Accusing Sen. Riegle, a Michigan Democrat, of purely political motivation, Sen. Garn said the hearing was called on such short notice that he won't be able to attend. In fact, he said, he hasn't even formally been advised of the hearing but learned of it from news reports.

Sen. Riegle's initiative -- alongside related accusations Monday by House Banking Committee Chairman Henry B. Gonzalez, D-Tex., that the administration has not been forthcoming about industry problems -- has Republicans crying foul.

Sen. Garn said he knows of no compelling reason for holding a hearing during the congressional recess. It was not possible to get comment Monday from the banking panel's Democratic staff.

Some Democrats, including Sen. Riegle, have suggested that bank regulators are delaying the closings of a number of banks until after the election to avoid the appearance of an industry in deep trouble.

What they call the "December surprise" would amount to regulators' closing institutions that should have been shut earlier, these Democrats allege.

Law's Effect Cited

However, many observers, including Sen. Garn, have said the only reason to expect a wave a bank failures is because new requirements for prompt corrective action take effect Dec. 19.

Regulators will be required to begin closing institutions once their capital ratios fall below 2%. Until now, the government has generally not moved against institutions until they become insolvent.

"The point of it is, Congress passed the law," said Sen. Garn. "Congress put in the Dec. 19 date. To say it's surprise is ridiculous."

Andrew C. Hove Jr., acting chairman of the Federal Deposit Insurance Corp., also said the 2% rule "should come as no surprise." "We've not held off closing any institution," he told the American Bankers Association convention in Boston.
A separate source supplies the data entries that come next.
(* Let $Y=T\times_H\mathfrak h^\circ\times\mathbb C^{h+1}$ be a tall local model with defining polynomial $P(z)=\prod_{i=0}^h z_i^{\xi_i}$, and assume $\xi_i=0$ for all $i>k$. Let $K=\{\lambda\in(S^1)^{k+1}\mid\prod_{j=0}^k\lambda_j^{\xi_j}=1\}$ act naturally on $\mathbb C^{k+1}$ (with homogeneous moment map). Then the inclusion $\mathbb C^{k+1}\hookrightarrow Y$, $(z_0,\dots,z_k)\mapsto[1,0,(z_0,\dots,z_k,0,\dots,0)]$, induces a diffeomorphism $\mathbb C^{k+1}/\!/K\to Y/\!/T$. In particular, if $P(z)=z_0$ then $\overline P\colon Y/\!/T\to\mathbb C$ is a diffeomorphism with inverse $z\mapsto[1,0,(z,0)]$.
   Context: $T$ is a torus with Lie algebra $\mathfrak t$, $H\subseteq T$ a closed subgroup of dimension $h$ with Lie algebra $\mathfrak h$, $\rho\colon H\to(S^1)^{h+1}$ an injective homomorphism, $\eta_i\in\mathfrak h^*$ the differential of the $i$-th component of $\rho$. A fixed inner product on $\mathfrak t$ identifies $\mathfrak t^*\cong\mathfrak h^\circ\oplus\mathfrak h^*$. The local model is $Y=T\times_H\mathfrak h^\circ\times\mathbb C^{h+1}$ ($H$ acting on $T$ by multiplication, trivially on $\mathfrak h^\circ$, on $\mathbb C^{h+1}$ by $h\cdot z=\rho(h^{-1})z$) with its canonical symplectic form, $T$-action $s\cdot[t,\alpha,z]=[st,\alpha,z]$ and moment map $\Phi_Y([t,\alpha,z])=\alpha+\frac12\sum_i\eta_i|z_i|^2$. $Y$ is tall if $\Phi_Y^{-1}(0)$ contains more than one $T$-orbit; then there is a unique $\xi\in\mathbb Z_{\ge0}^{h+1}$ with $\lambda\mapsto\prod_j\lambda_j^{\xi_j}$ giving a short exact sequence $1\to H\xrightarrow{\rho}(S^1)^{h+1}\to S^1\to1$, and the defining polynomial is $P(z)=\prod_jz_j^{\xi_j}$ (also viewed on $Y$). Reduced spaces $X/\!/G=\Phi^{-1}(0)/G$ carry the subquotient topology and the sheaf of functions whose pullback to $\Phi^{-1}(0)$ extends to a smooth invariant function; diffeomorphisms are homeomorphisms inducing isomorphisms of these sheaves; $\overline P$ is the map induced by $P$ on $Y/\!/T$. *)

theory Defs
  imports "HOL-Analysis.Analysis"
begin

definition pdir :: "'a::euclidean_space \<Rightarrow> ('a \<Rightarrow> real) \<Rightarrow> 'a \<Rightarrow> real" where
  "pdir v f x = (THE D. ((\<lambda>t::real. f (x + t *\<^sub>R v)) has_real_derivative D) (at 0))"

fun pdirs :: "'a::euclidean_space list \<Rightarrow> ('a \<Rightarrow> real) \<Rightarrow> 'a \<Rightarrow> real" where
  "pdirs [] f = f"
| "pdirs (v # vs) f = pdir v (pdirs vs f)"

definition smooth_on :: "'a::euclidean_space set \<Rightarrow> ('a \<Rightarrow> real) \<Rightarrow> bool" where
  "smooth_on V f \<longleftrightarrow> open V \<and>
     (\<forall>vs. set vs \<subseteq> Basis \<longrightarrow>
        continuous_on V (pdirs vs f) \<and>
        (\<forall>v\<in>Basis. \<forall>x\<in>V. (\<lambda>t::real. pdirs vs f (x + t *\<^sub>R v)) differentiable (at 0)))"
lemma poly2_affine_has_field_derivative:
  fixes a b c d :: "'a::real_normed_field"
  shows "((\<lambda>w. poly2 G (a + b * w) (c + d * w)) has_field_derivative
    b * poly2 (map_poly pderiv G) (a + b * w) (c + d * w) + d * poly2 (pderiv G) (a + b * w) (c + d * w))
    (at w)"
proof (induction G rule: pCons_induct)
  case 0
  then show ?case by simp
next
  case (pCons e G)
  have e: "((\<lambda>w. poly e (a + b * w)) has_field_derivative poly (pderiv e) (a + b * w) * b) (at w)"
    by (rule DERIV_chain2[OF poly_DERIV]) (auto intro!: derivative_eq_intros)
  have t: "((\<lambda>w. c + d * w) has_field_derivative d) (at w)"
    by (auto intro!: derivative_eq_intros)
  have "((\<lambda>w. poly e (a + b * w) + (c + d * w) * poly2 G (a + b * w) (c + d * w))
      has_field_derivative poly (pderiv e) (a + b * w) * b + (d * poly2 G (a + b * w) (c + d * w)
        + (c + d * w) * (b * poly2 (map_poly pderiv G) (a + b * w) (c + d * w)
        + d * poly2 (pderiv G) (a + b * w) (c + d * w)))) (at w)"
    using DERIV_add[OF e DERIV_mult[OF t pCons.IH]] by (simp add: algebra_simps)
  then show ?case
    by (simp add: pderiv_pCons map_poly_pCons algebra_simps)
qed

lemma vector_derivative_of_real_comp:
  assumes "(f has_field_derivative f') (at (of_real x))"
  shows "vector_derivative (\<lambda>t::real. f (of_real t)) (at x) = f'"
  using vector_derivative_at[OF has_vector_derivative_real_field[OF assms]] .

text \<open>A polynomial \<open>G \<in> \<complex>[s][t]\<close> stands for the function \<open>e^{i(x\<xi> + y\<eta>)} G(s,t)\<close>; the two maps below
  record how the factors \<open>\<gamma>D\<^sub>x - \<delta>M\<^sub>y\<close> and \<open>\<alpha>D\<^sub>y - \<beta>M\<^sub>x\<close> act on it, using \<open>\<partial>\<^sub>xs = -\<beta>\<close>, \<open>\<partial>\<^sub>ys = u\<delta>\<close>,
  \<open>\<partial>\<^sub>yt = -\<delta>\<close> and \<open>\<gamma>\<xi> - \<delta>y = t\<close>, \<open>\<alpha>\<eta> - \<beta>x = s + u t\<close>.\<close>

definition twQ_poly :: "real \<Rightarrow> real \<Rightarrow> complex poly poly \<Rightarrow> complex poly poly" where
  "twQ_poly \<beta> \<gamma> G = pCons 0 G + smult [:\<i> * of_real (\<beta> * \<gamma>):] (map_poly pderiv G)"

definition twP_poly :: "real \<Rightarrow> real \<Rightarrow> real \<Rightarrow> complex poly poly \<Rightarrow> complex poly poly" where
  "twP_poly \<alpha> \<delta> u G = smult [:0, 1:] G + pCons 0 (smult [:of_real u:] G)
     + smult [:\<i> * of_real (\<alpha> * \<delta>):] (pderiv G - smult [:of_real u:] (map_poly pderiv G))"

definition twisted_poly ::
  "nat \<Rightarrow> (nat \<Rightarrow> nat \<Rightarrow> complex) \<Rightarrow> real \<Rightarrow> real \<Rightarrow> real \<Rightarrow> real \<Rightarrow> real \<Rightarrow> complex poly poly" where
  "twisted_poly m a \<alpha> \<beta> \<gamma> \<delta> u = (\<Sum>(k,j)\<in>{(k,j). j + k \<le> m}.
     smult [:(-1) ^ (j + k) * a k j:] ((twP_poly \<alpha> \<delta> u ^^ j) ((twQ_poly \<beta> \<gamma> ^^ k) 1)))"

definition principal_poly :: "nat \<Rightarrow> (nat \<Rightarrow> nat \<Rightarrow> complex) \<Rightarrow> complex poly" where
  "principal_poly m a = (\<Sum>j\<le>m. monom (a (m - j) j) j)"

definition const_top_coeff :: "nat \<Rightarrow> 'a::zero poly poly \<Rightarrow> 'a \<Rightarrow> bool" where
  "const_top_coeff n G c \<longleftrightarrow> degree G \<le> n \<and> coeff G n = [:c:]"

lemma degree_map_pderiv_le: "degree (map_poly pderiv G) \<le> degree G"
  by (rule degree_le) (simp add: coeff_map_poly coeff_eq_0)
Sen. Garn, whose term expires in January and who is not running for reelection this fall, said Democrats have increasingly used the banking panel to bash the Bush administration. "I get more and more tired of it," the senior Republican said at the ABA convention.

In Washington, Rep. Gonzalez charged that a looming $72 billion bailout of the banking industry is being "swept under the rug" because of election-year politics.

"It is in the regulators' and the administration's best interest to play down the looming bank problem," the powerful Democrat said in a prepared statement. "Some in the banking industry and their bought-and-paid-for consultants have yet another motive -- to keep troubled institutions alive and make a buck."

Rep. Gonzalez said he derived the $72 billion figure from Office of Management and Budget data on the cost of bailing out failed banks for fiscal years 1992 through 1995.